==== Materials provided

(* Let $k \geq 1$ be an integer and let $G=(V,E)$ be a $k$-connected graph with $n \geq 9$ vertices, $e$ edges, minimum degree $\delta$ and maximum degree $\Delta$. If any one of the following five conditions holds, then $G$ is traceable: [1] $$Z_1(G) \geq (n - k - 2)\Delta^2 + \frac{e^2}{2(k + 2)} + \frac{(k + 2) \Delta^3}{2 \delta};$$ [2] $$F(G) \leq (n - k - 2) \delta^3 + \frac{\delta (2 (k + 2)^2 \delta^2 - e^2)}{k + 2};$$ [3] $$F(G) \leq (n - k - 2) \delta^3 + \frac{\delta}{k + 2} \left( 2 (k + 2) \left((k + 2) \delta^2 + \frac{e^2}{n - k - 2}\right) - e^2 - 2 (k + 2) (n - k - 2) \Delta^2\right);$$ [4] $$Inv(G) \leq \frac{n - k - 2}{\Delta} + \frac{2 (k + 2)^2 \delta^2 - e^2}{(k + 2) \Delta^3};$$ [5] $$Inv(G) \leq \frac{n - k - 2}{\Delta} + \frac{1}{(k + 2) \Delta^3} \left( 2 (k + 2) \left((k + 2) \delta^2 + \frac{e^2}{n - k - 2}\right) - e^2 - 2 (k + 2) (n - k - 2) \Delta^2\right).$$
   Context: Graphs are finite, undirected, without loops or multiple edges. $d(u)$ denotes the degree of vertex $u$; $\delta$ and $\Delta$ are the minimum and maximum degrees. The first Zagreb index is $Z_1(G)=\sum_{u\in V} d(u)^2$, the forgotten topological index is $F(G)=\sum_{u\in V} d(u)^3$, and the inverse degree is $Inv(G)=\sum_{u\in V}\frac{1}{d(u)}$. A graph is traceable if it has a path containing all its vertices. *)

theory Defs
  imports Main Complex_Main
begin

definition simple_graph :: "'a set \<Rightarrow> ('a \<Rightarrow> 'a \<Rightarrow> bool) \<Rightarrow> bool" where
  "simple_graph V E \<longleftrightarrow> finite V \<and> (\<forall>u v. E u v \<longrightarrow> u \<in> V \<and> v \<in> V)
     \<and> (\<forall>u. \<not> E u u) \<and> (\<forall>u v. E u v \<longrightarrow> E v u)"

definition deg :: "'a set \<Rightarrow> ('a \<Rightarrow> 'a \<Rightarrow> bool) \<Rightarrow> 'a \<Rightarrow> nat" where
  "deg V E u = card {v \<in> V. E u v}"

definition num_edges :: "'a set \<Rightarrow> ('a \<Rightarrow> 'a \<Rightarrow> bool) \<Rightarrow> nat" where
  "num_edges V E = card {{u, v} | u v. u \<in> V \<and> v \<in> V \<and> E u v}"

definition min_deg :: "'a set \<Rightarrow> ('a \<Rightarrow> 'a \<Rightarrow> bool) \<Rightarrow> nat" where
  "min_deg V E = Min (deg V E ` V)"

definition max_deg :: "'a set \<Rightarrow> ('a \<Rightarrow> 'a \<Rightarrow> bool) \<Rightarrow> nat" where
  "max_deg V E = Max (deg V E ` V)"

definition zagreb1 :: "'a set \<Rightarrow> ('a \<Rightarrow> 'a \<Rightarrow> bool) \<Rightarrow> real" where
  "zagreb1 V E = (\<Sum>u\<in>V. real (deg V E u) ^ 2)"

definition forgotten_index :: "'a set \<Rightarrow> ('a \<Rightarrow> 'a \<Rightarrow> bool) \<Rightarrow> real" where
  "forgotten_index V E = (\<Sum>u\<in>V. real (deg V E u) ^ 3)"

definition inverse_degree :: "'a set \<Rightarrow> ('a \<Rightarrow> 'a \<Rightarrow> bool) \<Rightarrow> real" where
  "inverse_degree V E = (\<Sum>u\<in>V. 1 / real (deg V E u))"

definition connected_on :: "'a set \<Rightarrow> ('a \<Rightarrow> 'a \<Rightarrow> bool) \<Rightarrow> bool" where
  "connected_on S E \<longleftrightarrow> (\<forall>u\<in>S. \<forall>v\<in>S. (\<lambda>x y. x \<in> S \<and> y \<in> S \<and> E x y)\<^sup>*\<^sup>* u v)"

definition k_connected :: "'a set \<Rightarrow> ('a \<Rightarrow> 'a \<Rightarrow> bool) \<Rightarrow> nat \<Rightarrow> bool" where
  "k_connected V E k \<longleftrightarrow> card V > k \<and>
     (\<forall>S. S \<subseteq> V \<and> card S < k \<longrightarrow> connected_on (V - S) E)"

definition traceable :: "'a set \<Rightarrow> ('a \<Rightarrow> 'a \<Rightarrow> bool) \<Rightarrow> bool" where
  "traceable V E \<longleftrightarrow> (\<exists>p. distinct p \<and> set p = V \<and>
     (\<forall>i. Suc i < length p \<longrightarrow> E (p ! i) (p ! Suc i)))"

end

theory Submission
  imports Defs
begin
theorem lemma3p1:
  fixes \<sigma> :: real and \<alpha> \<beta> :: "nat \<Rightarrow> real"
  assumes "\<sigma> > 0"
    and "\<And>n. \<alpha> n \<ge> 0" and "\<And>n. \<beta> n \<ge> 0"
    and "\<exists>n. \<alpha> n \<noteq> 0" and "\<exists>n. \<beta> n \<noteq> 0"
    and "summable (\<lambda>n. real n * \<alpha> n)" and "summable (\<lambda>n. real n * \<beta> n)"
  shows "(\<forall>m n L. L \<ge> 1 \<longrightarrow>
            1 / (2 * pi) * integral {-2..2}
              (\<lambda>x. cheb_u m x * cheb_u n x * (x + \<sigma>) ^ L * sqrt (4 - x\<^sup>2))
            = (\<Sum>\<gamma>\<in>motzkin_paths_between L m n. motzkin_weight \<sigma> L \<gamma>))
       \<and> (\<forall>L z0 z1. L \<ge> 1 \<longrightarrow> \<bar>z0\<bar> \<le> 1 \<longrightarrow> \<bar>z1\<bar> \<le> 1 \<longrightarrow>
            ((\<lambda>\<gamma>. motzkin_prob \<alpha> \<beta> \<sigma> L \<gamma> * z0 ^ (\<gamma> ! 0) * z1 ^ (\<gamma> ! L))
              has_sum (M_int \<alpha> \<beta> \<sigma> L z0 z1 / M_int \<alpha> \<beta> \<sigma> L 1 1)) (motzkin_paths L))"
proof (intro conjI allI impI)
  fix m n L :: nat
  show "1 / (2 * pi) * integral {-2..2}
          (\<lambda>x. cheb_u m x * cheb_u n x * (x + \<sigma>) ^ L * sqrt (4 - x\<^sup>2))
        = (\<Sum>\<gamma>\<in>motzkin_paths_between L m n. motzkin_weight \<sigma> L \<gamma>)"
    by (simp add: integral_unique[OF cheb_u_moment_has_integral] sum_motzkin_weight_eq_transfer)
next
  fix L :: nat and z0 z1 :: real
  assume "\<bar>z0\<bar> \<le> 1" "\<bar>z1\<bar> \<le> 1"
  note has_sum = motzkin_paths_has_sum_M_int[OF less_imp_le[OF assms(1)] assms(2,3)
      summable_Suc_mult_of_summable_mult[OF assms(2,6)]
      summable_Suc_mult_of_summable_mult[OF assms(3,7)]]
  have "infsum (\<lambda>\<gamma>. \<alpha> (\<gamma> ! 0) * \<beta> (\<gamma> ! L) * motzkin_weight \<sigma> L \<gamma>) (motzkin_paths L)
      = M_int \<alpha> \<beta> \<sigma> L 1 1"
    using has_sum[of 1 1 L] by (simp add: infsumI)
  then show "((\<lambda>\<gamma>. motzkin_prob \<alpha> \<beta> \<sigma> L \<gamma> * z0 ^ (\<gamma> ! 0) * z1 ^ (\<gamma> ! L))
      has_sum (M_int \<alpha> \<beta> \<sigma> L z0 z1 / M_int \<alpha> \<beta> \<sigma> L 1 1)) (motzkin_paths L)"
    using has_sum_divide_const[OF has_sum[OF \<open>\<bar>z0\<bar> \<le> 1\<close> \<open>\<bar>z1\<bar> \<le> 1\<close>]]
    by (simp add: motzkin_prob_def)
qed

========

Problem to work on: Show the lines in the entries above that include the string "definition".

Result of the exercise:
definition simple_graph :: "'a set \<Rightarrow> ('a \<Rightarrow> 'a \<Rightarrow> bool) \<Rightarrow> bool" where
definition deg :: "'a set \<Rightarrow> ('a \<Rightarrow> 'a \<Rightarrow> bool) \<Rightarrow> 'a \<Rightarrow> nat" where
definition num_edges :: "'a set \<Rightarrow> ('a \<Rightarrow> 'a \<Rightarrow> bool) \<Rightarrow> nat" where
definition min_deg :: "'a set \<Rightarrow> ('a \<Rightarrow> 'a \<Rightarrow> bool) \<Rightarrow> nat" where
definition max_deg :: "'a set \<Rightarrow> ('a \<Rightarrow> 'a \<Rightarrow> bool) \<Rightarrow> nat" where
definition zagreb1 :: "'a set \<Rightarrow> ('a \<Rightarrow> 'a \<Rightarrow> bool) \<Rightarrow> real" where
definition forgotten_index :: "'a set \<Rightarrow> ('a \<Rightarrow> 'a \<Rightarrow> bool) \<Rightarrow> real" where
definition inverse_degree :: "'a set \<Rightarrow> ('a \<Rightarrow> 'a \<Rightarrow> bool) \<Rightarrow> real" where
definition connected_on :: "'a set \<Rightarrow> ('a \<Rightarrow> 'a \<Rightarrow> bool) \<Rightarrow> bool" where
definition k_connected :: "'a set \<Rightarrow> ('a \<Rightarrow> 'a \<Rightarrow> bool) \<Rightarrow> nat \<Rightarrow> bool" where
definition traceable :: "'a set \<Rightarrow> ('a \<Rightarrow> 'a \<Rightarrow> bool) \<Rightarrow> bool" where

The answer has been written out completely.